Carol McDonald: 43:26 So here what we have is the dataframe showing the first 20 rows. Here we have the same thing using SQL to show the first 20 rows and here we're printing out the schema. Here we're showing the cluster locations that have the highest number of pickups using the dataframe transformations. Here we're showing the same thing using SQL. So, again, here we see that 5 and 6 and 0 have the highest number of trip counts. Here we see the highest pickups for cluster ID 0, so we're filtering on the ID less than 1 and then we're getting the counts by hour and cluster ID.
Carol McDonald: 44:15 And this shows that explain plan that we talked about where we see... here we see the pushdown filter.
Carol McDonald: 44:26 Here we see which day and hour have the highest number of pickups. So here we see that day 21 and 10 o'clock with the cluster ID 6 had the highest count. So this is kind of unusual cause most of- you see the other ones are in rush hour, like 6 o'clock or 5 o'clock. 10 o'clock, maybe there was some special event in Manhattan that made this day different, but usually the highest hour was in rush hour, the highest pickups were in rush hour.
Carol McDonald: 44:59 Here we see the hours of clusters that have the highest pickups... and these are, again, these are the cluster IDS and those are the hours. Then we've seen this one before...
Carol McDonald: 45:21 The top 5 cluster counts by hour.
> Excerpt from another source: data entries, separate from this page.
(* Let $G(\mathcal V,\mathcal E)$ be a finite simple directed graph and $f\ge 0$ an integer, and assume Condition 1 holds for $G$. Let $A,B,F$ be a partition of $\mathcal V$ with $A$ non-empty and $|F|\le f$ ($B$ may be empty). If $B\not\rightarrow A$, then $A \Rightarrow_{\mathcal V - F} B$.
   Context: For disjoint sets $X,Y\subseteq\mathcal V$ with $Y$ non-empty, $X\rightarrow Y$ means that $X$ contains at least $f+1$ distinct nodes $i$ such that $(i,j)\in\mathcal E$ for some $j\in Y$; $X\not\rightarrow Y$ means this fails. Condition 1: for every partition $L,C,R,F$ of $\mathcal V$ (with $C$ or $F$ possibly empty) such that $L,R$ are non-empty and $|F|\le f$, either $L\cup C\rightarrow R$ or $R\cup C\rightarrow L$. An $(A,b)$-path is a directed path from some node of $A$ to the node $b\notin A$; it excludes $F$ if it contains no node of $F$; $(A,b)$-paths are disjoint if they pairwise share only $b$. For pairwise disjoint $A,B,F$ with $|F|\le f$, $A \Rightarrow_{\mathcal V - F} B$ means: $B=\emptyset$, or every $b\in B$ has at least $f+1$ pairwise disjoint $(A,b)$-paths excluding $F$. *)

theory Defs
  imports Main
begin

definition simple_digraph :: "'a set \<Rightarrow> ('a \<times> 'a) set \<Rightarrow> bool" where
  "simple_digraph V E \<longleftrightarrow> finite V \<and> E \<subseteq> V \<times> V \<and> (\<forall>v. (v, v) \<notin> E)"

text \<open>X \<rightarrow> Y: X contains at least f+1 distinct nodes with an edge into Y.\<close>
definition reaches :: "('a \<times> 'a) set \<Rightarrow> nat \<Rightarrow> 'a set \<Rightarrow> 'a set \<Rightarrow> bool" where
  "reaches E f X Y \<longleftrightarrow> card {i \<in> X. \<exists>j \<in> Y. (i, j) \<in> E} \<ge> f + 1"

definition condition1 :: "'a set \<Rightarrow> ('a \<times> 'a) set \<Rightarrow> nat \<Rightarrow> bool" where
  "condition1 V E f \<longleftrightarrow>
    (\<forall>L C R F. L \<union> C \<union> R \<union> F = V \<and>
       L \<inter> C = {} \<and> L \<inter> R = {} \<and> L \<inter> F = {} \<and>
       C \<inter> R = {} \<and> C \<inter> F = {} \<and> R \<inter> F = {} \<and>
       L \<noteq> {} \<and> R \<noteq> {} \<and> card F \<le> f
       \<longrightarrow> reaches E f (L \<union> C) R \<or> reaches E f (R \<union> C) L)"

definition dpath :: "('a \<times> 'a) set \<Rightarrow> 'a list \<Rightarrow> bool" where
  "dpath E p \<longleftrightarrow> p \<noteq> [] \<and> distinct p \<and>
     (\<forall>i. Suc i < length p \<longrightarrow> (p ! i, p ! Suc i) \<in> E)"

definition AB_path_excl :: "('a \<times> 'a) set \<Rightarrow> 'a set \<Rightarrow> 'a \<Rightarrow> 'a set \<Rightarrow> 'a list \<Rightarrow> bool" where
  "AB_path_excl E A b F p \<longleftrightarrow> b \<notin> A \<and> dpath E p \<and> hd p \<in> A \<and> last p = b \<and>
     set p \<inter> F = {}"

text \<open>A \<Rightarrow>_{V-F} B (for pairwise disjoint A, B, F with |F| \<le> f, as hypotheses of use).\<close>
definition robust_reach :: "('a \<times> 'a) set \<Rightarrow> nat \<Rightarrow> 'a set \<Rightarrow> 'a set \<Rightarrow> 'a set \<Rightarrow> bool" where
  "robust_reach E f F A B \<longleftrightarrow> B = {} \<or>
     (\<forall>b \<in> B. \<exists>P. finite P \<and> card P \<ge> f + 1 \<and>
        (\<forall>p \<in> P. AB_path_excl E A b F p) \<and>
        (\<forall>p \<in> P. \<forall>q \<in> P. p \<noteq> q \<longrightarrow> set p \<inter> set q = {b}))"

end

theory Submission
  imports Defs "HOL-Library.Disjoint_Sets"
begin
So here we're putting the cluster ID in the set and the hours, grouping by hour. And then this is for the top cluster IDs and during rush hour, so form 4 o'clock to 7 o'clock.
Carol McDonald: 45:41 Here's something else that you can do, you can calculate hourly window counts by cluster. So here we're setting a window of 1 hour and then we're using a new view of Uber counts to see the windows by hour. So here we see for the cluster ID in this window, we have the counts. Here we're showing the date and time of the cluster accounts for Uber trips and we're just limiting this to 50 results. So here we have the date and time and the counts for the cluster and here are the colors for the different clusters.
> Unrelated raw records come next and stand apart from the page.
(* For all integers $m,n\ge1$ and every $c>\frac{m!\,n!}{m^m n^n}$ one has $\operatorname{D}^\times_{m,n}(c\psi_1)=\mathbb R^{m\times n}$.
   Context: For $Y\in\mathbb R^{m\times n}$ let $Y_1,\dots,Y_m$ be its rows. For $\boldsymbol x\in\mathbb R^n$ put $\Pi_+(\boldsymbol x):=\prod_{i=1}^n\max\{1,|x_i|\}$. For $\psi:[1,\infty)\to(0,\infty)$ and $T>1$ let $\mathcal S^\times_{m,n}(\psi,T)$ be the set of $Y\in\mathbb R^{m\times n}$ for which there exist $\boldsymbol p\in\mathbb Z^m$, $\boldsymbol q\in\mathbb Z^n\setminus\{\boldsymbol 0\}$ with $\prod_{i=1}^m|Y_i\boldsymbol q-p_i|<\psi(T)$ and $\Pi_+(\boldsymbol q)<T$. Put $\operatorname{D}^\times_{m,n}(\psi):=\bigcup_{T_0>1}\bigcap_{T\ge T_0}\mathcal S^\times_{m,n}(\psi,T)$, and $\psi_1(x):=1/x$. *)

theory Defs
  imports "HOL-Analysis.Analysis"
begin

definition Pi_plus :: "real^'n \<Rightarrow> real" where
  "Pi_plus x = (\<Prod>i\<in>UNIV. max 1 \<bar>x $ i\<bar>)"

text \<open>S^x_{m,n}(psi,T); matrices Y in R^{m x n} are real^'n^'m, row i is Y $ i.\<close>
definition S_mult :: "(real \<Rightarrow> real) \<Rightarrow> real \<Rightarrow> (real^'n^'m) set" where
  "S_mult \<psi> T = {Y. \<exists>(p::int^'m) (q::int^'n). q \<noteq> 0 \<and>
      (\<Prod>i\<in>UNIV. \<bar>(\<Sum>j\<in>UNIV. Y $ i $ j * of_int (q $ j)) - of_int (p $ i)\<bar>) < \<psi> T \<and>
      Pi_plus (\<chi> j. of_int (q $ j)) < T}"

definition D_mult :: "(real \<Rightarrow> real) \<Rightarrow> (real^'n^'m) set" where
  "D_mult \<psi> = (\<Union>T0\<in>{1<..}. \<Inter>T\<in>{T0..}. S_mult \<psi> T)"

definition psi1 :: "real \<Rightarrow> real" where
  "psi1 x = 1 / x"

end

theory Submission
  imports Defs
begin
Carol McDonald: 46:24 And here I wanted to show plotting the latest on the map, but since the Spark interpreter needs restarting, I can't show that right now.
Carol McDonald: 46:35 But, anyway, I'll give you the link that you can download the code and the notebooks from the link in the Spark ebook, which you could also download. So I'll show you that, those links.
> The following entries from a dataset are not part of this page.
lemma potential_step:
  assumes h: "h \<noteq> []"
  shows "potential h \<le> lagr_term h + \<beta> * (\<Sum>s'\<in>UNIV. P (hd h) s' * potential (s' # h))"
proof -
  define x u s \<Gamma> l where "x = plan_x h" and "u = plan h" and "s = hd h"
    and "\<Gamma> = plan_gamma h" and "l = lam_vec (plan_preh h) s"
  define D where "D i = (\<Sum>s'\<in>UNIV. P s s' * gcont i (s' # h))" for i
  define F' where "F' s' = F (\<Gamma> + l) (\<zeta> x u s) s'" for s'
  have bellman: "F \<Gamma> x s \<le> r x u s + (\<Sum>i\<in>UNIV. \<Gamma>$i * g i x u s + l$i * (g i x u s - gbar i))
      + \<beta> * (\<Sum>s'\<in>UNIV. P s s' * F' s')"
    using plan_bellman[OF h] by (simp add: bellman_rhs_def x_def u_def s_def \<Gamma>_def l_def F'_def)
  have gcont_h: "gcont i h = g i x u s + \<beta> * D i" for i
    using gcont_unfold[OF h] by (simp add: x_def u_def s_def D_def)
  have lagr_h: "lagr_term h = r x u s + (\<Sum>i\<in>UNIV. \<gamma>$i * g i x u s) + (\<Sum>i\<in>UNIV. l$i * (gcont i h - gbar i))"
    using lagr_term_eq[OF h] by (simp add: x_def u_def s_def l_def)
  have "potential (s' # h) = F' s' - (\<Sum>i\<in>UNIV. (\<Gamma> + l - \<gamma>)$i * gcont i (s' # h))" for s'
    by (simp add: potential_def plan_Cons[OF h] F'_def x_def u_def s_def \<Gamma>_def l_def)
  then have "(\<Sum>s'\<in>UNIV. P s s' * potential (s' # h))
      = (\<Sum>s'\<in>UNIV. P s s' * F' s') - (\<Sum>s'\<in>UNIV. \<Sum>i\<in>UNIV. P s s' * ((\<Gamma> + l - \<gamma>)$i * gcont i (s' # h)))"
    by (simp add: right_diff_distrib sum_subtractf sum_distrib_left)
  also have "(\<Sum>s'\<in>UNIV. \<Sum>i\<in>UNIV. P s s' * ((\<Gamma> + l - \<gamma>)$i * gcont i (s' # h)))
      = (\<Sum>i\<in>UNIV. (\<Gamma> + l - \<gamma>)$i * D i)"
    unfolding D_def by (subst sum.swap) (simp only: sum_distrib_left mult.left_commute)
  finally have next_potential: "(\<Sum>s'\<in>UNIV. P s s' * potential (s' # h))
      = (\<Sum>s'\<in>UNIV. P s s' * F' s') - (\<Sum>i\<in>UNIV. (\<Gamma> + l - \<gamma>)$i * D i)" .
  have potential_h: "potential h = F \<Gamma> x s - (\<Sum>i\<in>UNIV. (\<Gamma> - \<gamma>)$i * gcont i h)"
    by (simp add: potential_def \<Gamma>_def x_def s_def)
  have rearrange: "(\<Sum>i\<in>UNIV. \<Gamma>$i * g i x u s + l$i * (g i x u s - gbar i))
      = (\<Sum>i\<in>UNIV. \<gamma>$i * g i x u s) + (\<Sum>i\<in>UNIV. l$i * (gcont i h - gbar i))
        - \<beta> * (\<Sum>i\<in>UNIV. (\<Gamma> + l - \<gamma>)$i * D i) + (\<Sum>i\<in>UNIV. (\<Gamma> - \<gamma>)$i * gcont i h)"
    by (simp add: gcont_h sum_distrib_left sum.distrib[symmetric] sum_subtractf[symmetric] algebra_simps)
  show ?thesis
    using bellman unfolding potential_h lagr_h next_potential s_def[symmetric] rearrange
    by (simp add: algebra_simps)
qed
Carol McDonald: 46:58 All the components that we just talked about in this architecture can run on the same cluster with a MapR Data platform. So the Spark - everything that we talked about - Spark, the distributed file system, the MapR Database, and the MapR event store. You can run all this on the same cluster with the MapR Data platform.
Carol McDonald: 47:19 And you can read about this example and more about Spark 2.0x in the Spark ebook, which is available for free download at this link. And in this Spark ebook you can also get a link for the codes. There's also other ebooks you can download at mapr.com/ebooks. So some interesting ones could be the Streaming Architecture of Machine Learning Logistics and some other books. We also have free on-demand training at learn.mapr.com and one of the trainings in Spark 2.0. And then if you want to, you can also get certified. MapR has a Spark certification. We also have this blog that has this example and other examples at mapr.com.blog.
Carol McDonald: 48:17 Oh, I didn't mean to do that. So... just to go over a few questions. One question was: is it possible to share this notebook on GitHub? Yes, the notebook is on GitHub, so the GitHub link is in the appendix of the Spark ebook. So if you download the Spark ebook, then you'll have the link for all the code and the notebooks. And, again, there was another question about the notebooks. So this is a [inaudible 00:48:51] notebook. Yes, that will be available on GitHub if you download the ebook. And I will send out the link for the presentation and the link for the ebook also. That will be sent through an email afterwards. So, thanks a lot for this and thanks for attending. Bye.